We found no upregulation of expression of phagocytosis receptors CD11b and CD18 in adult monocytes upon anoxia but a decrease in both receptors in cord blood monocytes. This does not explain the observed differences in phagocytosis rates in adult and cord blood monocytes under anoxia and is in contrast to studies showing that hypoxia induced expression of CD11b, CD18 and FcγR.31,32,33 Different experimental conditions could underlie these differences. Further studies are needed to elucidate the exact mechanism of the HIF-1-mediated increase in phagocytosis rate seen in adult but not in neonatal monocytes.

In our experiments, stimulation with DFO had the same effect on phagocytosis and ROS production by adult and neonatal monocytes as anoxia had. DFO is an iron chelator that inhibits PHDs and thereby degrades HIF-1α through depleting Fe2+ 34. This supports the assumption that the observed functional differences between neonatal and adult monocytes are due to reduced HIF-1α activity in neonatal monocytes; but also contradicts the assumption that post-transcriptional regulation of HIF-1α via PHDs is primarily responsible for this effect.

Finally, we showed that anoxia increases the production of VEGF by adult immune cells to a significantly higher extend than seen with neonatal immune cells.

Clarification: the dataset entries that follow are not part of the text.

lemma jw_mmult_adj:
  assumes "1 \<le> k" "k \<le> n"
  shows "eqv n (mmult n (jw n k) (madj (jw n k))) (site k e11)"
proof -
  have "eqv n (mmult n (jw n k) (madj (jw n k))) (mmult n (tensor_prod n (jw_factor k)) (madj (tensor_prod n (jw_factor k))))"
    using assms by (intro mmult_cong madj_cong jw_tensor_prod)
  also have "eqv n \<dots> (site k e11)"
    using assms by (intro tensor_prod_mmult_adj) (auto simp: jw_factor_def mul2_lower_adj)
  finally show ?thesis .
qed

lemma lower_mmult_adj:
  assumes "k \<in> {1..n}"
  shows "eqv n (mmult n (site k lower) (madj (site k lower))) (site k e11)"
proof -
  have "eqv n (mmult n (site k lower) (madj (site k lower)))
     (mmult n (tensor_prod n ((\<lambda>i. id2)(k := lower))) (madj (tensor_prod n ((\<lambda>i. id2)(k := lower)))))"
    using assms by (intro mmult_cong madj_cong site_tensor_prod)
  also have "eqv n \<dots> (site k e11)"
    using assms by (intro tensor_prod_mmult_adj) (auto simp: mul2_lower_adj)
  finally show ?thesis .
qed

lemma z_via_e11: "eqv n (site k pauli_z) (msub (mid n) (mscale 2 (site k e11)))"
  unfolding eqv_def site_def msub_def mscale_def mid_def pauli_z_def e11_def by auto

text \<open>Norm bounds.  A 2x2 matrix with orthogonal columns of norm at most 1 has norm at most 1,
  and so does any tensor product of such matrices: its Gram matrix is diagonal with
  entries in [0,1].\<close>

definition col_contr2 :: "(bool \<Rightarrow> bool \<Rightarrow> complex) \<Rightarrow> bool" where
  "col_contr2 M \<longleftrightarrow> mul2 (adj2 M) M True False = 0 \<and> mul2 (adj2 M) M False True = 0 \<and>
     (cmod (M True True))\<^sup>2 + (cmod (M False True))\<^sup>2 \<le> 1 \<and>
     (cmod (M True False))\<^sup>2 + (cmod (M False False))\<^sup>2 \<le> 1"

lemma mul2_adj_diag: "mul2 (adj2 M) M a a = complex_of_real ((cmod (M True a))\<^sup>2 + (cmod (M False a))\<^sup>2)"
  unfolding mul2_def adj2_def of_real_add complex_norm_square by (simp add: mult.commute)

lemma opnorm_tensor_prod:
  assumes g: "\<And>k. k \<in> {1..n} \<Longrightarrow> col_contr2 (F k)"
  shows "opnorm n (tensor_prod n F) \<le> 1"
proof -
  let ?G = "\<lambda>k. mul2 (adj2 (F k)) (F k)"
  let ?r = "\<lambda>k a. (cmod (F k True a))\<^sup>2 + (cmod (F k False a))\<^sup>2"
  have gram: "mmult n (madj (tensor_prod n F)) (tensor_prod n F) = tensor_prod n ?G"
    unfolding madj_tensor_prod mmult_tensor_prod ..
  show ?thesis
  proof (rule opnorm_diag_gram_le1[OF gram[THEN eq_eqv_trans, OF eqv_refl], where d="\<lambda>x. \<Prod>k\<in>{1..n}. ?r k (k \<in> x)"])
    fix x y assume x: "x \<in> Cfg n" and y: "y \<in> Cfg n"
    show "tensor_prod n ?G x y = (if x = y then complex_of_real (\<Prod>k\<in>{1..n}. ?r k (k \<in> x)) else 0)"
    proof (cases "x = y")
      case True
      then show ?thesis
        by (simp add: tensor_prod_def mul2_adj_diag of_real_prod del: of_real_add of_real_power)
    next
      case False
      then obtain k where k: "k \<in> {1..n}" "(k \<in> x) \<noteq> (k \<in> y)" using x y by blast
      have "?G k (k \<in> x) (k \<in> y) = 0" using g[OF k(1)] k(2) unfolding col_contr2_def
        by (cases "k \<in> x") auto
      then have "tensor_prod n ?G x y = 0" unfolding tensor_prod_def using k(1) by (intro prod_zero) auto
      then show ?thesis using False by simp
    qed
  next
    fix x
    have "?r k b \<le> 1" if "k \<in> {1..n}" for k b using g[OF that] unfolding col_contr2_def by (cases b) auto
    then show "0 \<le> (\<Prod>k\<in>{1..n}. ?r k (k \<in> x)) \<and> (\<Prod>k\<in>{1..n}. ?r k (k \<in> x)) \<le> 1"
      by (auto intro!: prod_nonneg prod_le_1)
  qed
qed
(* Let $e\ge2$, $\kappa\in\mathbb Z^\ell$ with $\kappa_l-\kappa_{l+1}\ge n$, $\mathbb K$ a field and $0\ne t\in\mathbb K$ with $(\mathbb K,t)$ separating $\mathrm{Std}(\mathcal P_n)$. If $\mathbf i\in I^n$ and $1\le r<n$ satisfy $i_r=i_{r+1}$, then $T_rf_{\mathbf i}=f_{\mathbf i}T_r$ in $\mathscr H_n(\mathbb K)$.
   Context: Quantum integers $[d]=[d]_t$. $\mathscr H_n(\mathbb K)=\mathscr H_n(\mathbb K,t,\kappa)$: generators $L_1..L_n,T_1..T_{n-1}$, relations $\prod_l(L_1-[\kappa_l])=0$, $(T_r+1)(T_r-t)=0$, $L_rL_s=L_sL_r$, $T_rT_s=T_sT_r$ ($|r-s|>1$), $T_sT_{s+1}T_s=T_{s+1}T_sT_{s+1}$, $T_rL_s=L_sT_r$ ($s\ne r,r+1$), $L_{r+1}(T_r-t+1)=T_rL_r+1$. Separation: $[n]^!\prod_{l<m}\prod_{-n<d<n}[\kappa_l-\kappa_m+d]\ne0$. $I=\mathbb Z/e\mathbb Z$; content of $(l,r,c)$ is $\kappa_l-r+c$, residue $\kappa_l+c-r\bmod e$; $c_k(\mathfrak t)$ the content of $k$; $\mathrm{Std}(\mathbf i)$ the standard $\ell$-multitableaux of size $n$ with residue sequence $\mathbf i$. With $\mathrm{Cont}$ the set of all contents of standard tableaux, $F_{\mathfrak t}=\prod_k\prod_{c\in\mathrm{Cont},[c_k(\mathfrak t)]\ne[c]}\frac{L_k-[c]}{[c_k(\mathfrak t)]-[c]}$ and $f_{\mathbf i}=\sum_{\mathfrak t\in\mathrm{Std}(\mathbf i)}F_{\mathfrak t}$. *)

theory Defs
  imports Main
begin

definition qint :: "'k::field \<Rightarrow> int \<Rightarrow> 'k" where
  "qint t d = (if t = 1 then of_int d else (t powi d - 1) / (t - 1))"

text \<open>Nodes are triples (l, r, c): component l, row r, column c (all 1-based).\<close>
definition content :: "(nat \<Rightarrow> int) \<Rightarrow> nat \<times> nat \<times> nat \<Rightarrow> int" where
  "content \<kappa> x = (case x of (l, r, c) \<Rightarrow> \<kappa> l - int r + int c)"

As one of the most important known regulators for VEGF expression is HIF-1α,35 this supports our hypothesis that HIF-1α cannot be adequately be activated in neonatal immune cells. Interestingly VEGF-expression was even reduced in peripheral blood and cord blood monocytes following stimulation with E. coli. The two different HIF-activators tested here, i.e. anoxia and E.coli, had different effects. While anoxia did not change HIF-1α mRNA expression, E.coli led to an upregulation in both, neonatal and adult immune cells. This is in line with results from Frede et al. showing that PAMPs such as LPS may mediated HIF-1α mRNA induction via NFκ-B activation.36

In summary, we could show that there is no activation of the transcription factor HIF-1α under hypoxia in neonatal immune cells, unlike adult immune cells, leading to altered functional properties of particularly of neonatal compared to adult monocytes. Modulation of the reaction of neonatal immune cells to hypoxia (as occurring in the context of inflammation) could be an approach to improve the immune response of the newborn and thereby counteract its increased susceptibility to infection.